If paradise birds were growing scarce in Wallace’s time, they were rarer in the decades that followed. The millinery trade kept up a constant demand for them, which was satisfied by natives not in the least touched by sentiment. It was not until 1913 in the United States that, through the exertions of the Audubon Societies, the importation for sale of bird of paradise plumes was forbidden by act of Congress. This date seems very late indeed; it is much earlier, so far
as I know, than that of any similar law in any other country, if indeed there are any so thorough-going. The Netherlands government did not seek even to regulate the exportation of birds of paradise until 1924.
* The author of the excellent Traité d’Omithohgie. [Ed.]
KING BIRD OF PARADISE
The Aru Islands, March to May, 1857:—One of my first objects was to inquire for the people who are accustomed to shoot the paradise birds. They lived at some distance in the jungle, and a man was sent to call them. When they arrived, we had a talk by means of the orang-kaya as interpreter, and they said they thought they could get some. They explained that they shoot the birds with a bow and arrow, the arrow having a conical wooden cap fitted to the end as large as a tea-cup, so as to kill the bird by the violence of the blow without making any wound or shedding any blood. The trees frequented by the birds are very lofty; it is therefore necessary to erect a small leafy covering or hut among the branches, to which the hunter mounts before daylight in the morning and remains the whole day, and whenever a bird alights they are almost sure of securing it. They returned to their homes the same evening, and I never saw any thing more of them, owing, as I afterward found, to its being too early to obtain birds in good plumage.

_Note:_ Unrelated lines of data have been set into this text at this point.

lemma word_map_reduce_word:
  assumes cancel: "\<And>a. f a \<circ> f (letter_inverse a) = id"
  shows "word_map f (reduce_word w) = word_map f w"
proof (induction w)
  case Nil
  then show ?case by simp
next
  case (Cons a w)
  note IH = Cons.IH
  show ?case
  proof (cases "reduce_word w")
    case Nil
    then show ?thesis using IH[symmetric] by simp
  next
    case (Cons b v)
    then have w: "word_map f w = f b \<circ> word_map f v"
      using IH[symmetric] by (simp add: comp_def)
    show ?thesis
    proof (cases "b = letter_inverse a")
      case True
      then have "f a \<circ> (f b \<circ> word_map f v) = word_map f v"
        using cancel[of a] by (simp add: o_assoc)
      then show ?thesis using Cons True w by simp
    next
      case False
      then show ?thesis using Cons w by simp
    qed
  qed
qed

lemma ping_pong:
  fixes f :: "letter \<Rightarrow> 'a::real_normed_vector \<Rightarrow> 'a"
  assumes maps: "\<And>l z. z \<in> In l \<Longrightarrow> f l z \<in> Out l \<and> 2 * norm z \<le> norm (f l z)"
    and nested: "\<And>a b. b \<noteq> letter_inverse a \<Longrightarrow> Out b \<subseteq> In a"
    and z: "\<And>l. z \<in> In l" and "reduced w"
  shows "2 ^ length w * norm z \<le> norm (word_map f w z)"
proof -
  have "(\<forall>a. w = [] \<or> hd w \<noteq> letter_inverse a \<longrightarrow> word_map f w z \<in> In a)
    \<and> 2 ^ length w * norm z \<le> norm (word_map f w z)"
    using \<open>reduced w\<close>
  proof (induction w)
    case Nil
    then show ?case using z by simp
  next
    case (Cons b v)
    then have "reduced v" and "v = [] \<or> hd v \<noteq> letter_inverse b"
      by (auto simp: reduced_def successively_Cons)
    with Cons.IH have "word_map f v z \<in> In b" and bound: "2 ^ length v * norm z \<le> norm (word_map f v z)"
      by blast+
    then have "f b (word_map f v z) \<in> Out b" and "2 * norm (word_map f v z) \<le> norm (f b (word_map f v z))"
      using maps by blast+
    with nested bound show ?case
      by auto
  qed
  then show ?thesis ..
qed

lemma ping_pong_reduce_word:
  fixes f :: "letter \<Rightarrow> 'a::real_normed_vector \<Rightarrow> 'a"
  assumes cancel: "\<And>a. f a \<circ> f (letter_inverse a) = id"
    and maps: "\<And>l z. z \<in> In l \<Longrightarrow> f l z \<in> Out l \<and> 2 * norm z \<le> norm (f l z)"
    and nested: "\<And>a b. b \<noteq> letter_inverse a \<Longrightarrow> Out b \<subseteq> In a"
    and z: "\<And>l. z \<in> In l" and "1 \<le> norm z"
  shows "real (length (reduce_word w)) \<le> norm (word_map f w z)"
proof -
  let ?n = "length (reduce_word w)"
  have "real ?n \<le> 2 ^ ?n"
    by (metis less_exp less_imp_le of_nat_le_iff of_nat_numeral of_nat_power)
  also have "\<dots> \<le> 2 ^ ?n * norm z"
    using \<open>1 \<le> norm z\<close> by simp
  also have "\<dots> \<le> norm (word_map f (reduce_word w) z)"
    using maps nested z reduced_reduce_word by (rule ping_pong)
  also have "\<dots> = norm (word_map f w z)"
    by (simp add: word_map_reduce_word cancel)
  finally show ?thesis .
qed

lemma letter_map_cancel:
  assumes "\<delta> \<noteq> 0"
  shows "letter_map P \<delta> \<theta> a \<circ> letter_map P \<delta> \<theta> (letter_inverse a) = id"
proof -
  have "bij (henon P \<delta>)" and "bij (henon2 P \<delta> \<theta>)"
    using assms by (simp_all add: bij_henon henon2_eq bij_comp bij_rot)
  then show ?thesis
    by (cases a) (simp_all add: letter_map_def bij_is_inj bij_is_surj flip: inj_iff surj_iff)
qed

lemma S_map_eq_word_map: "S_map P \<delta> \<theta> \<omega> k = word_map (letter_map P \<delta> \<theta>) (S_word \<omega> k)"
  by (induction k) (simp_all add: S_word_def)

lemma gen_group_subset_word_maps:
  "gen_group (henon P \<delta>) (henon2 P \<delta> \<theta>) \<subseteq> range (word_map (letter_map P \<delta> \<theta>))"
proof
  have letters: "letter_map P \<delta> \<theta> H1 = henon P \<delta>" "letter_map P \<delta> \<theta> H2 = henon2 P \<delta> \<theta>"
    "letter_map P \<delta> \<theta> H1inv = inv (henon P \<delta>)" "letter_map P \<delta> \<theta> H2inv = inv (henon2 P \<delta> \<theta>)"
    by (simp_all add: letter_map_def)
  have step: "letter_map P \<delta> \<theta> l \<circ> h \<in> range (word_map (letter_map P \<delta> \<theta>))"
    if "h \<in> range (word_map (letter_map P \<delta> \<theta>))" for l h
  proof -
    from that obtain w where "h = word_map (letter_map P \<delta> \<theta>) w"
      by blast
    then have "letter_map P \<delta> \<theta> l \<circ> h = word_map (letter_map P \<delta> \<theta>) (l # w)"
      by simp
    then show ?thesis
      by (metis rangeI)
  qed
  fix h assume "h \<in> gen_group (henon P \<delta>) (henon2 P \<delta> \<theta>)"
  then show "h \<in> range (word_map (letter_map P \<delta> \<theta>))"
  proof (induction rule: gen_group.induct)
    case gen_id
    have "word_map (letter_map P \<delta> \<theta>) [] = id"
      by simp
    then show ?case
      by (metis rangeI)
  qed (use step[of _ H1, unfolded letters] step[of _ H2, unfolded letters]
      step[of _ H1inv, unfolded letters] step[of _ H2inv, unfolded letters] in blast)+
qed

lemma finite_UNIV_letter: "finite (UNIV :: letter set)"
proof -
  have "UNIV = {H1, H2, H1inv, H2inv}"
    using letter.exhaust by blast
  then show ?thesis
    by (metis finite.emptyI finite_insert)
qed

section \<open>The escaping region and normality\<close>

lemma continuous_on_chart [continuous_intros]: "continuous_on S (chart \<theta> l)"
proof -
  have rot: "continuous_on T (rot \<theta>)" and swap: "continuous_on T swap" for T
    unfolding rot_def swap_def case_prod_unfold by (intro continuous_intros)+
  have "continuous_on S (swap \<circ> rot \<theta>)"
    using rot swap by (rule continuous_on_compose)
  with rot swap show ?thesis
    by (cases l) (simp_all only: chart_def letter.case continuous_on_id')
qed

lemma norm_chart_isotropic:
  "norm (fst (chart \<theta> l (w, \<i> * w))) = norm w \<and> norm (snd (chart \<theta> l (w, \<i> * w))) = norm w"
  by (cases l) (simp_all add: chart_def rot_isotropic swap_def norm_mult)

definition common_cone :: "real \<Rightarrow> real \<Rightarrow> real \<Rightarrow> C2 set" where
  "common_cone \<theta> K r =
     {z. r < norm z \<and> (\<forall>l. norm (fst (chart \<theta> l z)) < K * norm (snd (chart \<theta> l z)))}"

lemma common_cone_subset_vert_cone: "z \<in> common_cone \<theta> K r \<Longrightarrow> chart \<theta> l z \<in> vert_cone K r"
  by (auto simp: common_cone_def vert_cone_def less_imp_le)

lemma open_common_cone: "open (common_cone \<theta> K r)"
proof -
  have "common_cone \<theta> K r = {z. r < norm z} \<inter>
      (\<Inter>l. {z. norm (fst (chart \<theta> l z)) < K * norm (snd (chart \<theta> l z))})"
    by (auto simp: common_cone_def)
  then show ?thesis
    by (simp add: finite_UNIV_letter open_Int open_INT open_Collect_less continuous_intros)
qed

lemma isotropic_mem_common_cone:
  assumes "1 < K" and "0 \<le> r" and "r < t"
  shows "(complex_of_real t, \<i> * complex_of_real t) \<in> common_cone \<theta> K r"
proof -
  let ?z = "(complex_of_real t, \<i> * complex_of_real t)"
  have "\<bar>t\<bar> \<le> norm ?z"
    using norm_fst_le[of "complex_of_real t" "\<i> * complex_of_real t"] by simp
  moreover have "\<bar>t\<bar> < K * \<bar>t\<bar>"
    using assms by simp
  ultimately show ?thesis
    using assms norm_chart_isotropic[of \<theta> _ "complex_of_real t"]
    by (auto simp: common_cone_def)
qed

lemma common_cone_nonempty_unbounded:
  assumes "1 < K" and "0 \<le> r"
  shows "common_cone \<theta> K r \<noteq> {}" and "\<not> bounded (common_cone \<theta> K r)"
proof -
  show "common_cone \<theta> K r \<noteq> {}"
    using isotropic_mem_common_cone[OF assms, of "r + 1"] by auto
  show "\<not> bounded (common_cone \<theta> K r)"
  proof
    assume "bounded (common_cone \<theta> K r)"
    then obtain B where B: "\<And>z. z \<in> common_cone \<theta> K r \<Longrightarrow> norm z \<le> B"
      by (auto simp: bounded_iff)
    define t where "t = max (r + 1) (B + 1)"
    have "0 < t" "r < t" "B < t"
      using assms by (simp_all add: t_def)
    then have "norm (complex_of_real t, \<i> * complex_of_real t) \<le> B"
      using B isotropic_mem_common_cone[OF assms] by blast
    moreover have "t \<le> norm (complex_of_real t, \<i> * complex_of_real t)"
      using norm_fst_le[of "complex_of_real t" "\<i> * complex_of_real t"] \<open>0 < t\<close> by simp
    ultimately show False
      using \<open>B < t\<close> by linarith
  qed
qed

The first two or three days of our stay here were very wet, and I obtained but few insects or birds, but at length, when I was beginning to despair, my boy Baderoon returned one day with a specimen which repaid me for months of delay and expectation. It was a small bird, a little less than a thrush. The greater part of its plumage was of an intense cinnabar red, with a gloss as of spun glass. On the head the feathers became short and velvety, and shaded into rich orange. Beneath, from the breast downward, was pure white, with the softness and gloss of silk, and across the breast a band of deep metallic green separated this color from the red of the throat. Above each eye was a round spot of the same metallic green; the bill was yellow, and the feet and legs were of a fine cobalt blue, strikingly contrasting with all the other parts of the body. Merely in arrangement of colors and texture of plumage this little bird was a gem of the first water, yet these comprised only half its strange beauty. Springing from each side of the breast, and ordinarily lying concealed under the wings, were little tufts of grayish feathers about two inches long, and each terminated by a broad band of intense emerald green. These plumes can be raised at the will of the bird, and spread out into a pair of elegant fans when the wings are elevated. But this is not the only ornament. The two middle feathers of the tail are in the form of slender wires about five inches long, and which diverge in a beautiful double curve. About half an inch of the end of this wire is webbed on the outer side only, and colored of a fine metallic green, and being curled spirally inward, forms a pair of elegant glittering buttons.